## [YOUR TASK]
Some lines in the records below may hold the word "bcirc"; give the number of those lines and nothing else.

-- INFORMATION PROVIDED follows --

text \<open>Applying z \<otimes> 1 + 1 \<otimes> z raises y to zy; the cross terms y \<otimes> z v\<degree>_s and z v\<degree>_s \<otimes> y become
  new correction terms.\<close>

lemma exchange_rel_zshift:
  assumes rel: "exchange_rel g s y c P" and c: "c \<in> Areg" and y: "snd y \<le> 2"
    and Q: "Q y" "Q (zshift (bcirc g s))" and PQ: "\<And>y'. P y' \<Longrightarrow> Q y' \<and> Q (zshift y')"
  shows "exchange_rel g s (zshift y) c Q"
proof -
  let ?v = "bcirc g s"
  obtain l where l: "l \<in> lower_span P" and N: "tsub (exch g s y c) l \<in> Nsp"
    using rel unfolding exchange_rel_def by blast
  have fin_l: "fin_supp l"
    using l unfolding lower_span_def by (rule fin_supp_span_over[rotated]) auto
  define l' where "l' = tadd (tsub (lin_ext zsum2 l) (bt [y, zshift ?v])) (tscale c (bt [zshift ?v, y]))"
  have "l' \<in> lower_span Q"
    unfolding l'_def using lower_span_zsum[of l P Q, OF l PQ] Q y c
    by (intro lower_span_tadd lower_span_tsub lower_span_tscale lower_span_bt) (simp_all add: zshift_def)
  moreover have "lin_ext zsum2 (tsub (exch g s y c) l) = tsub (exch g s (zshift y) c) l'"
    unfolding l'_def exch_def using fin_l
    by (simp add: lin_ext_tsub lin_ext_tscale zsum2_pair) (rule ext, simp add: tens_simps algebra_simps)
  moreover have "lin_ext zsum2 (tsub (exch g s y c) l) \<in> Nsp"
    by (rule N_zsum[OF N])
  ultimately show ?thesis by (metis exchange_relI)
qed

definition zrank :: "bas \<Rightarrow> int" where
  "zrank y = 3 * fst y + 2 - int (snd y)"

definition below :: "gseq \<Rightarrow> int \<Rightarrow> bas \<Rightarrow> bas \<Rightarrow> bool" where
  "below g s y y' \<longleftrightarrow> snd y' \<le> 2 \<and> energy y' (bcirc g (s + 1)) \<le> 0 \<and> zrank y' < zrank y"

lemma energy_zshift: "energy (zshift y) b = energy y b - 1"
  by (cases y; cases b) (simp add: energy_def zshift_def)

lemma energy_antimono: "a \<le> a' \<Longrightarrow> energy (a', i) b \<le> energy (a, i) b"
  by (cases b) (simp add: energy_def)

lemma exchange_rel_upwards:
  assumes start: "exchange_rel g s (a0, i) c (below g s (a0, i))"
    and c: "c \<in> Areg" and i: "i \<le> 2"
    and adm: "energy (a0, i) (bcirc g (s + 1)) \<le> 0"
    and adm_vac: "energy (zshift (bcirc g s)) (bcirc g (s + 1)) \<le> 0"
    and rank_vac: "zrank (zshift (bcirc g s)) < zrank (a0 + 1, i)"
    and "a0 \<le> a"
  shows "exchange_rel g s (a, i) c (below g s (a, i))"
  using \<open>a0 \<le> a\<close>
proof (induction a rule: int_ge_induct)
  case base
  then show ?case by (rule start)
next
  case (step a)
  have "exchange_rel g s (zshift (a, i)) c (below g s (a + 1, i))"
  proof (rule exchange_rel_zshift[OF step.IH c])
    show "snd (a, i) \<le> 2" using i by simp
    show "below g s (a + 1, i) (a, i)"
      using i order_trans[OF energy_antimono[OF step.hyps] adm] by (simp add: below_def zrank_def)
    show "below g s (a + 1, i) (zshift (bcirc g s))"
      using adm_vac rank_vac step.hyps by (simp add: below_def zrank_def zshift_def)
    show "below g s (a + 1, i) y' \<and> below g s (a + 1, i) (zshift y')" if "below g s (a, i) y'" for y'
      using that energy_zshift[of y' "bcirc g (s + 1)"] by (simp add: below_def zrank_def zshift_def)
  qed
  then show ?case by (simp add: zshift_def)
qed

section \<open>Elements of N\<close>

lemma list_eq_pair_iff: "ys = [b, b'] \<longleftrightarrow> length ys = 2 \<and> ys ! 0 = b \<and> ys ! 1 = b'"
  by (cases ys; cases "tl ys") auto

lemma tp2_s1_d1: "tp2 (s1 c (d1 b)) (d1 b') = tscale c (bt [b, b'])"
  by (rule ext) (auto simp: tp2_def s1_def d1_def bt_def tscale_def list_eq_pair_iff)

lemma tp2_d1_s1: "tp2 (d1 b) (s1 c (d1 b')) = tscale c (bt [b, b'])"
  by (rule ext) (auto simp: tp2_def s1_def d1_def bt_def tscale_def list_eq_pair_iff)

lemma tp2_zero_left: "tp2 (\<lambda>_. 0) w = tzero"
  by (rule ext) (simp add: tp2_def tzero_def)

lemma tp2_zero_right: "tp2 u (\<lambda>_. 0) = tzero"
  by (rule ext) (simp add: tp2_def tzero_def)

lemma F2_pair:
  "F2 i [b, b'] =
    tadd (tscale (qq powi pair_wt (hcor i) b') (tp2 (fV i b) (d1 b'))) (tp2 (d1 b) (fV i b'))"
  by (simp add: F2_def)

lemma E2_pair:
  "E2 i [b, b'] =
    tadd (tp2 (eV i b) (d1 b')) (tscale (qq powi (- pair_wt (hcor i) b)) (tp2 (d1 b) (eV i b')))"
  by (simp add: E2_def)

lemma zz2_pair: "zz2 s [b, b'] = bt [(fst b + s, snd b), (fst b' + s, snd b')]"
  by (simp add: zz2_def)

lemmas action_simps = F2_pair E2_pair zz2_pair zsum2_pair zshift_def fV_def eV_def pair_wt_def hcor_def
  tp2_s1_d1 tp2_d1_s1 tp2_zero_left tp2_zero_right qint_1 qint_2 qint_3
  lin_ext_tadd lin_ext_tscale lin_ext_tsub power_int_minus

lemma Nsp_tscale_cancel: "tscale c x \<in> Nsp \<Longrightarrow> c \<noteq> 0 \<Longrightarrow> x \<in> Nsp"
proof -
  assume "tscale c x \<in> Nsp" "c \<noteq> 0"
  moreover have "tscale (inverse c) (tscale c x) = x"
    using \<open>c \<noteq> 0\<close> by (intro ext) (simp add: tens_simps)
  ultimately show ?thesis by (metis N_scale)
qed

lemma Nsp_v0v1: "tadd (bt [(0,0),(0,1)]) (tscale (qq ^ 2) (bt [(0,1),(0,0)])) \<in> Nsp"
  (is "?w \<in> Nsp")
proof -
  have "lin_ext (F2 1) (bt [(0,0),(0,0)]) = ?w"
    by (simp add: action_simps) (rule ext, simp add: tens_simps)
  then show ?thesis using N_f[OF _ N_gen, of 1] by simp
qed

lemma Nsp_v0v2:
  "tadd (bt [(0,0),(0,2)]) (tadd (tscale qq (bt [(0,1),(0,1)])) (tscale (qq ^ 4) (bt [(0,2),(0,0)]))) \<in> Nsp"
  (is "?w \<in> Nsp")
proof -
  have "lin_ext (F2 1) (tadd (bt [(0,0),(0,1)]) (tscale (qq ^ 2) (bt [(0,1),(0,0)]))) = tscale (qint 2) ?w"
    by (simp add: action_simps) (rule ext, auto simp: tens_simps bt_def field_simps; algebra)
  then show ?thesis using N_f[OF _ Nsp_v0v1, of 1] qint_2_ne_0 by (auto intro: Nsp_tscale_cancel)
qed

lemma Nsp_v1v2: "tadd (bt [(0,1),(0,2)]) (tscale (qq ^ 2) (bt [(0,2),(0,1)])) \<in> Nsp"
  (is "?w \<in> Nsp")
proof -
  have "lin_ext (F2 1)
      (tadd (bt [(0,0),(0,2)]) (tadd (tscale qq (bt [(0,1),(0,1)])) (tscale (qq ^ 4) (bt [(0,2),(0,0)])))) =
      tscale (qint 3) ?w"
    by (simp add: action_simps) (rule ext, auto simp: tens_simps bt_def field_simps; algebra)
  then show ?thesis using N_f[OF _ Nsp_v0v2, of 1] qint_3_ne_0 by (auto intro: Nsp_tscale_cancel)
qed

lemma Nsp_v2v2: "bt [(0,2),(0,2)] \<in> Nsp"
proof -
  have "qq ^ 2 + inverse (qq ^ 2) \<noteq> 0"
  proof
    assume "qq ^ 2 + inverse (qq ^ 2) = 0"
    moreover have "(qq ^ 2 + inverse (qq ^ 2)) * qq ^ 2 = qq ^ 4 + 1" by (simp add: field_simps; algebra)
    ultimately show False using qq_power_add_1_ne_0[of 4] by simp
  qed
  then have "qint 2 * (qq ^ 2 + inverse (qq ^ 2)) \<noteq> 0" using qint_2_ne_0 by simp
  moreover have "lin_ext (F2 1) (tadd (bt [(0,1),(0,2)]) (tscale (qq ^ 2) (bt [(0,2),(0,1)]))) =
      tscale (qint 2 * (qq ^ 2 + inverse (qq ^ 2))) (bt [(0,2),(0,2)])"
    by (simp add: action_simps) (rule ext, auto simp: tens_simps bt_def field_simps; algebra)
  ultimately show ?thesis using N_f[OF _ Nsp_v1v2, of 1] by (auto intro: Nsp_tscale_cancel)
qed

-- INFORMATION PROVIDED concluded --

## [RESULT OF THE TASK]
8